Bağımsız yargı demokrasinin ve milletimizin en önemli güvencelerinden biridir. HSYK, bağımsız olmadığında iktidarların etkisi önce Türkiye’deki tüm mahkemelerin hakim ve savcılarına, sonrada milletimize yansıyacak ve sonuçta milletimiz zarar görecektir.

Siyasi etkiyi önlemenin tek çaresi, HSYK ile Anayasa Mahkemesi üyelerinin seçilmesi usulünde getirilecek kuralların siyasi amaç gözetmemesi gerekmektedir. En çok oy alanların doğrudan atanmış sayılması, siyasete karışmış olanların atamalarda etkinliklerinin olmaması ve seçimle gelmeyen kişilerin kurullarda bulunmamasına bağlıdır.

Venedik Komisyonu'ndan hiçbir görüş alınmadan anayasa değişikliğine gidilmesi de soru işaretleri yaratmaktadır. Milletimiz için AB ile bütünleşmemiz Avrupa demokrasisine yaklaşmamız büyük önem arz etmektedir.
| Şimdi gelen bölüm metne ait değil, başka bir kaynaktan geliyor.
(* Let $\tau>0$ and $\alpha,\beta\in\mathbb R$. Define $\mathcal M_\tau(g)=\frac1\tau\int_0^\tau\sigma g(\sigma)\,d\sigma$, so that $\mathcal M_\tau(\mathrm e^{i\alpha\cdot})=\frac1\tau\int_0^\tau\sigma\mathrm e^{i\alpha\sigma}\,d\sigma$. Then: (i) $$\int_0^\tau\Big(\mathrm e^{is\alpha}+i\beta\,\mathrm e^{is\beta}\,\mathcal M_\tau(\mathrm e^{i\alpha\cdot})\Big)\,ds=\tau\varphi(i\tau\alpha)-\tau\big(\mathrm e^{i\tau\beta}-1\big)\psi(i\tau\alpha);$$ (ii) the function $$\mathcal R_2(\alpha,\beta,\tau):=\int_0^\tau\mathrm e^{is(\alpha+\beta)}\,ds-\int_0^\tau\Big(\mathrm e^{is\alpha}+i\beta\,\mathrm e^{is\beta}\,\mathcal M_\tau(\mathrm e^{i\alpha\cdot})\Big)\,ds$$ satisfies $|\mathcal R_2(\alpha,\beta,\tau)|\le C\tau^3|\beta|^2$ for an absolute constant $C$ independent of $\alpha,\beta,\tau$.
   Context: $\varphi(z)=\frac{e^z-1}{z}$ for $z\neq0$, $\varphi(0)=1$; $\psi(z)=\frac{e^z-1-ze^z}{z^2}$ for $z\ne0$, $\psi(0)=-\frac12$. *)

theory Defs
  imports "HOL-Analysis.Analysis"
begin

definition phi :: "complex \<Rightarrow> complex" where
  "phi z = (if z = 0 then 1 else (exp z - 1) / z)"

definition psi :: "complex \<Rightarrow> complex" where
  "psi z = (if z = 0 then - (1/2) else (exp z - 1 - z * exp z) / z^2)"

definition Mtau :: "real \<Rightarrow> (real \<Rightarrow> complex) \<Rightarrow> complex" where
  "Mtau \<tau> g = complex_of_real (1 / \<tau>) * integral {0..\<tau>} (\<lambda>\<sigma>. complex_of_real \<sigma> * g \<sigma>)"

definition R2 :: "real \<Rightarrow> real \<Rightarrow> real \<Rightarrow> complex" where
  "R2 \<alpha> \<beta> \<tau> =
     integral {0..\<tau>} (\<lambda>s. exp (\<i> * of_real (s * (\<alpha> + \<beta>))))
   - integral {0..\<tau>} (\<lambda>s. exp (\<i> * of_real (s * \<alpha>))
        + \<i> * of_real \<beta> * exp (\<i> * of_real (s * \<beta>))
          * Mtau \<tau> (\<lambda>\<sigma>. exp (\<i> * of_real (\<alpha> * \<sigma>))))"

end

theory Submission
  imports Defs "HOL-Probability.Characteristic_Functions"
begin

text \<open>Everything reduces to the elementary integrals
  int_0^tau e^(cs) ds = tau phi(c tau) and int_0^tau s e^(cs) ds = -tau^2 psi(c tau), the second
  giving M_tau(e^(i alpha .)) = -tau psi(i tau alpha).  For (ii), subtracting the integral of the
  first-order Taylor expansion e^(i s beta) ~ 1 + i s beta splits R_2 into
  int_0^tau e^(i s alpha) (e^(i s beta) - 1 - i s beta) ds + (i tau beta - (e^(i tau beta) - 1)) M_tau(e^(i alpha .)).
  Both Taylor remainders are at most (tau beta)^2/2 and |M_tau(e^(i alpha .))| <= tau, so C = 1 works.\<close>

lemma mult_phi_eq: "z * phi z = exp z - 1"
  by (simp add: phi_def)

lemma has_integral_restrict_complex_antiderivative:
  fixes F f :: "complex \<Rightarrow> complex"
  assumes "\<tau> \<ge> 0" "\<And>z. (F has_field_derivative f z) (at z)"
  shows "((\<lambda>s. f (of_real s)) has_integral F (of_real \<tau>) - F 0) {0..\<tau>}"
proof -
  have "((\<lambda>s. F (of_real s)) has_vector_derivative f (of_real s)) (at s within {0..\<tau>})" for s
    using has_vector_derivative_real_field[OF assms(2)] by (rule has_vector_derivative_at_within)
  from fundamental_theorem_of_calculus[OF assms(1), of "\<lambda>s. F (of_real s)", OF this]
  show ?thesis
    by simp
qed

lemma exp_mult_has_integral_phi:
  fixes c :: complex
  assumes "\<tau> \<ge> 0"
  shows "((\<lambda>s. exp (of_real s * c)) has_integral of_real \<tau> * phi (of_real \<tau> * c)) {0..\<tau>}"
proof (cases "c = 0")
  case True
  then show ?thesis
    using has_integral_const_real[of "1::complex" 0 \<tau>] assms
    by (simp add: phi_def scaleR_conv_of_real)
next
  case False
  have deriv: "((\<lambda>z. exp (z * c) / c) has_field_derivative exp (z * c)) (at z)" for z
    using False by (auto intro!: derivative_eq_intros)
  have "of_real \<tau> * phi (of_real \<tau> * c) = exp (of_real \<tau> * c) / c - exp (0 * c) / c"
    using False by (cases "\<tau> = 0") (simp_all add: phi_def field_simps)
  with has_integral_restrict_complex_antiderivative[OF assms deriv] show ?thesis
    by simp
qed

lemma mult_exp_mult_has_integral_psi:
  fixes c :: complex
  assumes "\<tau> \<ge> 0"
  shows "((\<lambda>s. of_real s * exp (of_real s * c)) has_integral
           - (of_real \<tau> ^ 2 * psi (of_real \<tau> * c))) {0..\<tau>}"
proof (cases "c = 0")
  case True
  have "((\<lambda>z. z ^ 2 / 2) has_field_derivative z * exp (z * c)) (at z)" for z
    using True by (auto intro!: derivative_eq_intros)
  from has_integral_restrict_complex_antiderivative[OF assms this] show ?thesis
    using True by (simp add: psi_def)
next
  case False
  have deriv: "((\<lambda>z. exp (z * c) * (z / c - 1 / c ^ 2)) has_field_derivative z * exp (z * c)) (at z)" for z
    using False by (auto intro!: derivative_eq_intros simp: field_simps power2_eq_square)
  have "- (of_real \<tau> ^ 2 * psi (of_real \<tau> * c))
          = exp (of_real \<tau> * c) * (of_real \<tau> / c - 1 / c ^ 2) - exp (0 * c) * (0 / c - 1 / c ^ 2)"
    using False by (cases "\<tau> = 0") (simp_all add: psi_def field_simps power2_eq_square)
  with has_integral_restrict_complex_antiderivative[OF assms deriv] show ?thesis
    by simp
qed

lemma exp_ii_has_integral:
  assumes "\<tau> \<ge> 0"
  shows "((\<lambda>s. exp (\<i> * of_real (s * a))) has_integral of_real \<tau> * phi (\<i> * of_real (\<tau> * a))) {0..\<tau>}"
  using exp_mult_has_integral_phi[OF assms, of "\<i> * of_real a"] by (simp add: mult_ac)

lemma Mtau_exp_ii:
  assumes "\<tau> > 0"
  shows "Mtau \<tau> (\<lambda>\<sigma>. exp (\<i> * of_real (\<alpha> * \<sigma>))) = - of_real \<tau> * psi (\<i> * of_real (\<tau> * \<alpha>))"
proof -
  have "((\<lambda>\<sigma>. of_real \<sigma> * exp (\<i> * of_real (\<alpha> * \<sigma>))) has_integral
          - (of_real \<tau> ^ 2 * psi (\<i> * of_real (\<tau> * \<alpha>)))) {0..\<tau>}"
    using mult_exp_mult_has_integral_psi[of \<tau> "\<i> * of_real \<alpha>"] assms by (simp add: mult_ac)
  then show ?thesis
    using assms by (simp add: Mtau_def integral_unique power2_eq_square)
qed

lemma norm_Mtau_le:
  assumes "\<tau> > 0" "continuous_on {0..\<tau>} g" "\<And>\<sigma>. \<sigma> \<in> {0..\<tau>} \<Longrightarrow> norm (g \<sigma>) \<le> B"
  shows "norm (Mtau \<tau> g) \<le> \<tau> * B"
proof -
  have "norm (integral {0..\<tau>} (\<lambda>\<sigma>. of_real \<sigma> * g \<sigma>)) \<le> (\<tau> * B) * (\<tau> - 0)"
  proof (rule integral_bound)
    show "continuous_on {0..\<tau>} (\<lambda>\<sigma>. complex_of_real \<sigma> * g \<sigma>)"
      using assms(2) by (intro continuous_intros)
    show "norm (of_real \<sigma> * g \<sigma>) \<le> \<tau> * B" if "\<sigma> \<in> {0..\<tau>}" for \<sigma>
      using that assms(3)[OF that] norm_ge_zero[of "g \<sigma>"]
      by (auto simp: norm_mult intro: mult_mono)
  qed (use assms in auto)
  then show ?thesis
    using assms(1) by (simp add: Mtau_def norm_divide field_simps)
qed

lemma norm_exp_ii_minus_linear_le: "cmod (exp (\<i> * of_real x) - 1 - \<i> * of_real x) \<le> x ^ 2 / 2"
  using iexp_approx1[of x 1] by (simp add: diff_diff_add power2_eq_square)

lemma first_order_approximant_has_integral:
  assumes "\<tau> \<ge> 0"
  shows "((\<lambda>s. exp (\<i> * of_real (s * \<alpha>)) + \<i> * of_real \<beta> * exp (\<i> * of_real (s * \<beta>)) * m)
           has_integral of_real \<tau> * phi (\<i> * of_real (\<tau> * \<alpha>)) + (exp (\<i> * of_real (\<tau> * \<beta>)) - 1) * m)
           {0..\<tau>}"
proof -
  have "((\<lambda>s. \<i> * of_real \<beta> * exp (\<i> * of_real (s * \<beta>))) has_integral
          \<i> * of_real \<beta> * (of_real \<tau> * phi (\<i> * of_real (\<tau> * \<beta>)))) {0..\<tau>}"
    using exp_ii_has_integral[OF assms] by (rule has_integral_mult_right)
  also have "\<i> * of_real \<beta> * (of_real \<tau> * phi (\<i> * of_real (\<tau> * \<beta>))) = exp (\<i> * of_real (\<tau> * \<beta>)) - 1"
    using mult_phi_eq[of "\<i> * of_real (\<tau> * \<beta>)"] by (simp add: mult_ac)
  finally show ?thesis
    using exp_ii_has_integral[OF assms] by (intro has_integral_add has_integral_mult_left)
qed

lemma integral_first_order_approximant:
  assumes "\<tau> > 0"
  shows "integral {0..\<tau>} (\<lambda>s. exp (\<i> * of_real (s * \<alpha>))
                + \<i> * of_real \<beta> * exp (\<i> * of_real (s * \<beta>))
                  * Mtau \<tau> (\<lambda>\<sigma>. exp (\<i> * of_real (\<alpha> * \<sigma>))))
            = of_real \<tau> * phi (\<i> * of_real (\<tau> * \<alpha>))
              - of_real \<tau> * (exp (\<i> * of_real (\<tau> * \<beta>)) - 1) * psi (\<i> * of_real (\<tau> * \<alpha>))"
  unfolding Mtau_exp_ii[OF assms]
  by (subst integral_unique[OF first_order_approximant_has_integral])
     (use assms in \<open>simp_all add: algebra_simps\<close>)

lemma R2_eq_Taylor_remainders:
  fixes \<alpha> \<beta> \<tau> :: real
  assumes tau_pos: "\<tau> > 0"
  defines "M \<equiv> Mtau \<tau> (\<lambda>\<sigma>. exp (\<i> * of_real (\<alpha> * \<sigma>)))"
  shows "R2 \<alpha> \<beta> \<tau> =
           integral {0..\<tau>} (\<lambda>s. exp (\<i> * of_real (s * \<alpha>))
                              * (exp (\<i> * of_real (s * \<beta>)) - 1 - \<i> * of_real (s * \<beta>)))
           + (\<i> * of_real (\<tau> * \<beta>) - (exp (\<i> * of_real (\<tau> * \<beta>)) - 1)) * M"
proof -
  have M_eq: "M = - of_real \<tau> * psi (\<i> * of_real (\<tau> * \<alpha>))"
    unfolding M_def by (rule Mtau_exp_ii[OF tau_pos])
  define I where "I = integral {0..\<tau>} (\<lambda>s. exp (\<i> * of_real (s * (\<alpha> + \<beta>))))"
  have "((\<lambda>s. exp (\<i> * of_real (s * (\<alpha> + \<beta>)))) has_integral I) {0..\<tau>}"
    unfolding I_def by (intro integrable_integral integrable_continuous_real continuous_intros)
  moreover have "((\<lambda>s. \<i> * of_real \<beta> * (of_real s * exp (\<i> * of_real (\<alpha> * s)))) has_integral
                  \<i> * of_real \<beta> * (of_real \<tau> * M)) {0..\<tau>}"
    using mult_exp_mult_has_integral_psi[of \<tau> "\<i> * of_real \<alpha>"] tau_pos
    by (intro has_integral_mult_right) (simp add: M_eq mult_ac power2_eq_square)
  ultimately have "((\<lambda>s. exp (\<i> * of_real (s * (\<alpha> + \<beta>))) - exp (\<i> * of_real (s * \<alpha>))
                        - \<i> * of_real \<beta> * (of_real s * exp (\<i> * of_real (\<alpha> * s)))) has_integral
                    I - of_real \<tau> * phi (\<i> * of_real (\<tau> * \<alpha>)) - \<i> * of_real \<beta> * (of_real \<tau> * M))
                    {0..\<tau>}"
    using exp_ii_has_integral[of \<tau> \<alpha>] tau_pos by (intro has_integral_diff) auto
  also have "(\<lambda>s. exp (\<i> * of_real (s * (\<alpha> + \<beta>))) - exp (\<i> * of_real (s * \<alpha>))
                    - \<i> * of_real \<beta> * (of_real s * exp (\<i> * of_real (\<alpha> * s))))
           = (\<lambda>s. exp (\<i> * of_real (s * \<alpha>))
                    * (exp (\<i> * of_real (s * \<beta>)) - 1 - \<i> * of_real (s * \<beta>)))"
    by (auto simp: fun_eq_iff algebra_simps simp flip: exp_add)
  moreover have "R2 \<alpha> \<beta> \<tau> = I - (of_real \<tau> * phi (\<i> * of_real (\<tau> * \<alpha>))
                                   + (exp (\<i> * of_real (\<tau> * \<beta>)) - 1) * M)"
    using first_order_approximant_has_integral[of \<tau> \<alpha> \<beta> M] tau_pos
    by (simp add: R2_def I_def M_def integral_unique)
  ultimately show ?thesis
    by (simp add: integral_unique algebra_simps)
qed

lemma norm_R2_le:
  assumes "\<tau> > 0"
  shows "cmod (R2 \<alpha> \<beta> \<tau>) \<le> \<tau> ^ 3 * \<beta> ^ 2"
proof -
  define M where "M = Mtau \<tau> (\<lambda>\<sigma>. exp (\<i> * of_real (\<alpha> * \<sigma>)))"
  have remainder_integral: "cmod (integral {0..\<tau>} (\<lambda>s. exp (\<i> * of_real (s * \<alpha>))
              * (exp (\<i> * of_real (s * \<beta>)) - 1 - \<i> * of_real (s * \<beta>)))) \<le> (\<tau> ^ 2 * \<beta> ^ 2 / 2) * (\<tau> - 0)"
  proof (rule integral_bound)
    fix s assume s: "s \<in> {0..\<tau>}"
    have "(s * \<beta>) ^ 2 / 2 \<le> \<tau> ^ 2 * \<beta> ^ 2 / 2"
      using s by (auto simp: power_mult_distrib intro!: mult_right_mono power_mono)
    then show "cmod (exp (\<i> * of_real (s * \<alpha>)) * (exp (\<i> * of_real (s * \<beta>)) - 1 - \<i> * of_real (s * \<beta>)))
                 \<le> \<tau> ^ 2 * \<beta> ^ 2 / 2"
      using norm_exp_ii_minus_linear_le[of "s * \<beta>"] by (simp add: norm_mult)
  qed (use assms in \<open>auto intro!: continuous_intros\<close>)
  have remainder_endpoint: "cmod (\<i> * of_real (\<tau> * \<beta>) - (exp (\<i> * of_real (\<tau> * \<beta>)) - 1)) \<le> (\<tau> * \<beta>) ^ 2 / 2"
    using norm_exp_ii_minus_linear_le[of "\<tau> * \<beta>"] by (simp add: norm_minus_commute algebra_simps)
  have norm_M: "cmod M \<le> \<tau> * 1"
    unfolding M_def using assms by (intro norm_Mtau_le continuous_intros) auto
  have "cmod (R2 \<alpha> \<beta> \<tau>) \<le> cmod (integral {0..\<tau>} (\<lambda>s. exp (\<i> * of_real (s * \<alpha>))
              * (exp (\<i> * of_real (s * \<beta>)) - 1 - \<i> * of_real (s * \<beta>))))
          + cmod (\<i> * of_real (\<tau> * \<beta>) - (exp (\<i> * of_real (\<tau> * \<beta>)) - 1)) * cmod M"
    unfolding R2_eq_Taylor_remainders[OF assms] M_def[symmetric]
    by (rule order.trans[OF norm_triangle_ineq]) (simp add: norm_mult)
  also have "\<dots> \<le> (\<tau> ^ 2 * \<beta> ^ 2 / 2) * \<tau> + ((\<tau> * \<beta>) ^ 2 / 2) * \<tau>"
    using remainder_integral remainder_endpoint norm_M by (intro add_mono mult_mono) auto
  also have "\<dots> = \<tau> ^ 3 * \<beta> ^ 2"
    by (simp add: power2_eq_square power3_eq_cube)
  finally show ?thesis .
qed

theorem lemma2p2:
  shows "(\<forall>\<tau> \<alpha> \<beta>. \<tau> > 0 \<longrightarrow>
            integral {0..\<tau>} (\<lambda>s. exp (\<i> * of_real (s * \<alpha>))
                + \<i> * of_real \<beta> * exp (\<i> * of_real (s * \<beta>))
                  * Mtau \<tau> (\<lambda>\<sigma>. exp (\<i> * of_real (\<alpha> * \<sigma>))))
            = of_real \<tau> * phi (\<i> * of_real (\<tau> * \<alpha>))
              - of_real \<tau> * (exp (\<i> * of_real (\<tau> * \<beta>)) - 1) * psi (\<i> * of_real (\<tau> * \<alpha>)))
       \<and> (\<exists>C::real. \<forall>\<alpha> \<beta> \<tau>. \<tau> > 0 \<longrightarrow> cmod (R2 \<alpha> \<beta> \<tau>) \<le> C * \<tau>^3 * \<bar>\<beta>\<bar>^2)"
proof
  show "\<exists>C::real. \<forall>\<alpha> \<beta> \<tau>. \<tau> > 0 \<longrightarrow> cmod (R2 \<alpha> \<beta> \<tau>) \<le> C * \<tau>^3 * \<bar>\<beta>\<bar>^2"
    using norm_R2_le by (intro exI[of _ 1]) simp
qed (use integral_first_order_approximant in blast)

end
Bunun içn AİHM’in belirlediği Avrupa standartlarını esas almamız gereklidir. Bu standartların bir kısmı şunlardır: Din vicdan ve inanç hürriyeti demokratik toplumun ayrılmaz parçasıdır. Devlet bütün dini inançlara saygı göstermelidir. Laiklik anayasal bir ilkedir. Anayasa Mahkemesi'nce bu ilke korunmalıdır.

Demokratik bir toplum çoğulculuk ve katılımcılığın desteklenmesiyle oluşur. Devlet Avrupa İnsan Hakları sözleşmesinde belirtilen adil yargılanma hakkı, özgürlük ve güvenlik hakkını, cezaların yasallığı, özel hayatın ve aile hayatının korunması, düşünce vicdan ve din özgürlüğü, ifade özgürlüğünü sağlamalı ve bu hak ve özgürlüklere saygı göstermelidir.

Bunlarla birlikte Avrupa Konseyi’nin temel değerleri de dikkate alındığında ve Türkiye’nin Avrupa ülkelerinden önce çağdaş yasaları kabul ettiği gözetildiğinde, kadınlara seçme ve seçilme haklarının tanınması gibi ileri demokrasinin kurallarına uygun olarak mahkemelerin ve HSYK’nın bağımsızlığının daha da ileriye götürülmesi gerektiği düşünülmektedir.

Bağımsızlık ve tarafsızlık ilkesinin sağlanması için Adalet Bakanlığı ve müsteşarının HSYK’dan çıkarılması, kurumun ayrı bir binasının, sekreteryasının, araç-gereç yardımcı personellerinin bulunması, hakim ve savcılar için yapılacak soruşturmalar için kuruldan izin alma usulünün getirilmesi, hakim ve savcıların atanması, adalet akademisinin özerk bir yapıya kavuşturulması yerinde olacaktır.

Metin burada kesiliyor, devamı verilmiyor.